_Task description:_
Would you please transcribe, exactly as written, the lines of the entries below starting at the one that holds "E V (\<lambda>u." and ending at the one that holds "unfolding nbr_sum_def sum_distrib_left by", both included?

** Opening Records supplied block **

lemma simple_function_of_partition:
  fixes V :: "'b::euclidean_space set"
  assumes V: "finite V" and E: "\<And>v. v \<in> V \<Longrightarrow> E v \<in> sets M" "disjoint_family_on E V"
    "(\<Union>v\<in>V. E v) = space M"
  obtains X where "simple_function M X" "X ` space M \<subseteq> V" "\<And>v. v \<in> V \<Longrightarrow> X -` {v} \<inter> space M = E v"
proof -
  define X where "X \<omega> = (\<Sum>v\<in>V. indicator (E v) \<omega> *\<^sub>R v)" for \<omega>
  have X_cell: "X \<omega> = v" if "v \<in> V" "\<omega> \<in> E v" for v \<omega>
  proof -
    have "X \<omega> = indicator (E v) \<omega> *\<^sub>R v + (\<Sum>u\<in>V - {v}. indicator (E u) \<omega> *\<^sub>R u)"
      unfolding X_def by (rule sum.remove[OF V that(1)])
    also have "(\<Sum>u\<in>V - {v}. indicator (E u) \<omega> *\<^sub>R u) = 0"
      using E(2) that unfolding disjoint_family_on_def by (intro sum.neutral) (auto simp: indicator_def)
    finally show ?thesis using that by simp
  qed
  have X_range: "X ` space M \<subseteq> V" using E(3) X_cell by blast
  have "X \<in> borel_measurable M"
    unfolding X_def using E(1) by (intro borel_measurable_sum borel_measurable_scaleR) auto
  then have simple: "simple_function M X"
    using X_range V by (intro simple_function_borel_measurable) (auto intro: finite_subset)
  have preimage: "X -` {v} \<inter> space M = E v" if "v \<in> V" for v
  proof (intro equalityI subsetI)
    fix \<omega> assume "\<omega> \<in> X -` {v} \<inter> space M"
    then obtain u where "u \<in> V" "\<omega> \<in> E u" "X \<omega> = v" using E(3) by auto
    then show "\<omega> \<in> E v" using X_cell by auto
  next
    fix \<omega> assume "\<omega> \<in> E v"
    then show "\<omega> \<in> X -` {v} \<inter> space M" using that E(3) X_cell by auto
  qed
  show ?thesis by (rule that[OF simple X_range preimage])
qed
text \<open>For positive \<open>x\<^sub>1, \<dots>, x\<^sub>n\<close> the sum over all permutations \<open>\<sigma>\<close> of
  \<open>1 / \<Prod>\<^sub>k (x\<^sub>\<sigma>\<^sub>(\<^sub>1\<^sub>) + \<dots> + x\<^sub>\<sigma>\<^sub>(\<^sub>k\<^sub>))\<close> is \<open>1 / (x\<^sub>1 \<cdots> x\<^sub>n)\<close>: the factor \<open>k = n\<close> is the
  full sum, and grouping the permutations by \<open>\<sigma>(n)\<close> reduces to \<open>n - 1\<close> variables.
  For a composition \<open>l\<close> of \<open>N\<close> that last factor is \<open>N\<close>. Since permuting the parts maps the
  compositions with parts in \<open>\<P>\<^sub>p\<close> onto themselves, summing over them gives \<open>n!/N\<close> times the
  sum of \<open>1 / (u\<^sub>1 \<cdots> u\<^sub>n\<^sub>-\<^sub>1)\<close> over the partial sums \<open>u\<^sub>k = l\<^sub>1 + \<dots> + l\<^sub>k\<close>. These are exactly
  the chains on the right-hand side: the last part \<open>N - u\<^sub>n\<^sub>-\<^sub>1\<close> lies in \<open>\<P>\<^sub>p\<close> iff \<open>u\<^sub>n\<^sub>-\<^sub>1\<close> does,
  as \<open>p\<close> divides \<open>N\<close>.\<close>

lemma sum_permutes_inverse_prod_partial_sums:
  fixes x :: "nat \<Rightarrow> 'a::linordered_field"
  assumes "\<And>j. j < n \<Longrightarrow> x j > 0"
  shows "(\<Sum>\<sigma> | \<sigma> permutes {..<n}. 1 / (\<Prod>k<n. \<Sum>j\<le>k. x (\<sigma> j))) = 1 / (\<Prod>j<n. x j)"
  using assms
proof (induction n arbitrary: x)
  case 0
  then show ?case by simp
next
  case (Suc n)
  define S where "S = (\<Sum>j\<le>n. x j)"
  define P where "P = (\<Prod>j\<le>n. x j)"
  have pos: "x j > 0" if "j \<le> n" for j
    using Suc.prems that by simp
  have "S > 0" "P > 0"
    unfolding S_def P_def using pos by (auto intro: sum_pos prod_pos)
  have fixed_last: "(\<Sum>q | q permutes {..<n}.
        1 / (\<Prod>k<Suc n. \<Sum>j\<le>k. x ((Transposition.transpose n b \<circ> q) j))) = x b / (S * P)"
    if "b \<le> n" for b
  proof -
    let ?\<tau> = "Transposition.transpose n b"
    have "(\<Sum>j\<le>n. x ((?\<tau> \<circ> q) j)) = S" if "q permutes {..<n}" for q
    proof -
      have "?\<tau> \<circ> q permutes {..n}"
        using that \<open>b \<le> n\<close> by (intro permutes_compose permutes_swap_id permutes_subset[OF that]) auto
      then show ?thesis
        unfolding S_def by (simp add: sum.permute[where g = x])
    qed
    then have "(\<Sum>q | q permutes {..<n}. 1 / (\<Prod>k<Suc n. \<Sum>j\<le>k. x ((?\<tau> \<circ> q) j)))
        = (\<Sum>q | q permutes {..<n}. 1 / S * (1 / (\<Prod>k<n. \<Sum>j\<le>k. (x \<circ> ?\<tau>) (q j))))"
      by (intro sum.cong) (simp_all add: field_simps)
    also have "\<dots> = 1 / S * (\<Sum>q | q permutes {..<n}. 1 / (\<Prod>k<n. \<Sum>j\<le>k. (x \<circ> ?\<tau>) (q j)))"
      by (rule sum_distrib_left[symmetric])
    also have "\<dots> = 1 / S * (1 / (\<Prod>j<n. x (?\<tau> j)))"
      using \<open>b \<le> n\<close> pos by (subst Suc.IH) (auto simp: Transposition.transpose_def)
    also have "(\<Prod>j<n. x (?\<tau> j)) * x b = P"
    proof -
      have "P = (\<Prod>j\<le>n. x (?\<tau> j))"
        unfolding P_def using \<open>b \<le> n\<close>
        by (intro prod.permute[simplified comp_def] permutes_swap_id) auto
      then show ?thesis by (simp add: lessThan_Suc_atMost[symmetric])
    qed
    ultimately show ?thesis
      using \<open>S > 0\<close> pos[OF \<open>b \<le> n\<close>] by (auto simp: field_simps)
  qed
  have "{..<Suc n} = insert n {..<n}"
    by auto
  then have "(\<Sum>\<sigma> | \<sigma> permutes {..<Suc n}. 1 / (\<Prod>k<Suc n. \<Sum>j\<le>k. x (\<sigma> j)))
      = (\<Sum>b\<in>insert n {..<n}. \<Sum>q | q permutes {..<n}.
           1 / (\<Prod>k<Suc n. \<Sum>j\<le>k. x ((Transposition.transpose n b \<circ> q) j)))"
    by (simp only: sum_over_permutations_insert[of "{..<n}" n] finite_lessThan lessThan_iff
        less_irrefl not_False_eq_True)
  also have "\<dots> = (\<Sum>b\<le>n. x b / (S * P))"
    by (intro sum.cong fixed_last) auto
  also have "\<dots> = 1 / P"
    using \<open>S > 0\<close> by (simp add: sum_divide_distrib[symmetric] S_def)
  finally show ?case by (simp add: P_def lessThan_Suc_atMost)
qed
lemma num_edges_inequality_from_degrees:
  assumes "symp E" "irreflp E" "finite A" "finite B" "finite C"
    and "A \<inter> B = {}" "A \<inter> C = {}" "B \<inter> C = {}"
    and A: "\<And>v. v \<in> A \<Longrightarrow> deg_in E A v + deg_in E C v \<le> deg_in E B v"
    and B: "\<And>v. v \<in> B \<Longrightarrow> deg_in E B v + deg_in E C v \<le> deg_in E A v"
  shows "num_edges E (A \<union> B) C + 2 * num_edges E A A + 2 * num_edges E B B
    \<le> 2 * num_edges E A B"
proof -
  have "num_edges E (A \<union> B) C = (\<Sum>v\<in>A \<union> B. deg_in E C v)"
    using assms by (intro num_edges_eq_sum_deg_in) auto
  then have "num_edges E (A \<union> B) C + 2 * num_edges E A A + 2 * num_edges E B B
      = (\<Sum>v\<in>A. deg_in E A v + deg_in E C v) + (\<Sum>v\<in>B. deg_in E B v + deg_in E C v)"
    using assms(1-8)
    by (simp add: two_num_edges_eq_sum_deg_in sum.union_disjoint sum.distrib)
  also have "\<dots> \<le> (\<Sum>v\<in>A. deg_in E B v) + (\<Sum>v\<in>B. deg_in E A v)"
    using A B by (intro add_mono sum_mono) auto
  also have "\<dots> = 2 * num_edges E A B"
    using assms num_edges_commute[of E A B] by (simp add: num_edges_eq_sum_deg_in Int_commute)
  finally show ?thesis .
qed

definition nbr_sum :: "('a \<Rightarrow> 'a \<Rightarrow> bool) \<Rightarrow> 'a set \<Rightarrow> ('a \<Rightarrow> int) \<Rightarrow> 'a \<Rightarrow> int" where
  "nbr_sum E V x u = (\<Sum>w\<in>V. if E u w then x w else 0)"

definition adj_form :: "('a \<Rightarrow> 'a \<Rightarrow> bool) \<Rightarrow> 'a set \<Rightarrow> ('a \<Rightarrow> int) \<Rightarrow> int" where
  "adj_form E V x = (\<Sum>u\<in>V. x u * nbr_sum E V x u)"

lemma nbr_sum_add: "nbr_sum E V (\<lambda>u. x u + d u) u = nbr_sum E V x u + nbr_sum E V d u"
  unfolding nbr_sum_def sum.distrib[symmetric] by (rule sum.cong) auto

lemma sum_mult_nbr_sum_commute:
  assumes "symp E"
  shows "(\<Sum>u\<in>V. x u * nbr_sum E V y u) = (\<Sum>u\<in>V. y u * nbr_sum E V x u)"
proof -
  have "(\<Sum>u\<in>V. x u * nbr_sum E V y u) = (\<Sum>u\<in>V. \<Sum>w\<in>V. if E u w then x u * y w else 0)"
    unfolding nbr_sum_def sum_distrib_left by (intro sum.cong) auto
  also have "\<dots> = (\<Sum>w\<in>V. \<Sum>u\<in>V. if E u w then x u * y w else 0)"
    by (rule sum.swap)
  also have "\<dots> = (\<Sum>u\<in>V. y u * nbr_sum E V x u)"
    unfolding nbr_sum_def sum_distrib_left using assms
    by (intro sum.cong) (auto simp: mult.commute dest: sympD)
  finally show ?thesis .
qed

** Closing Records supplied block **

_Written response:_
lemma nbr_sum_add: "nbr_sum E V (\<lambda>u. x u + d u) u = nbr_sum E V x u + nbr_sum E V d u"
  unfolding nbr_sum_def sum.distrib[symmetric] by (rule sum.cong) auto

lemma sum_mult_nbr_sum_commute:
  assumes "symp E"
  shows "(\<Sum>u\<in>V. x u * nbr_sum E V y u) = (\<Sum>u\<in>V. y u * nbr_sum E V x u)"
proof -
  have "(\<Sum>u\<in>V. x u * nbr_sum E V y u) = (\<Sum>u\<in>V. \<Sum>w\<in>V. if E u w then x u * y w else 0)"
    unfolding nbr_sum_def sum_distrib_left by (intro sum.cong) auto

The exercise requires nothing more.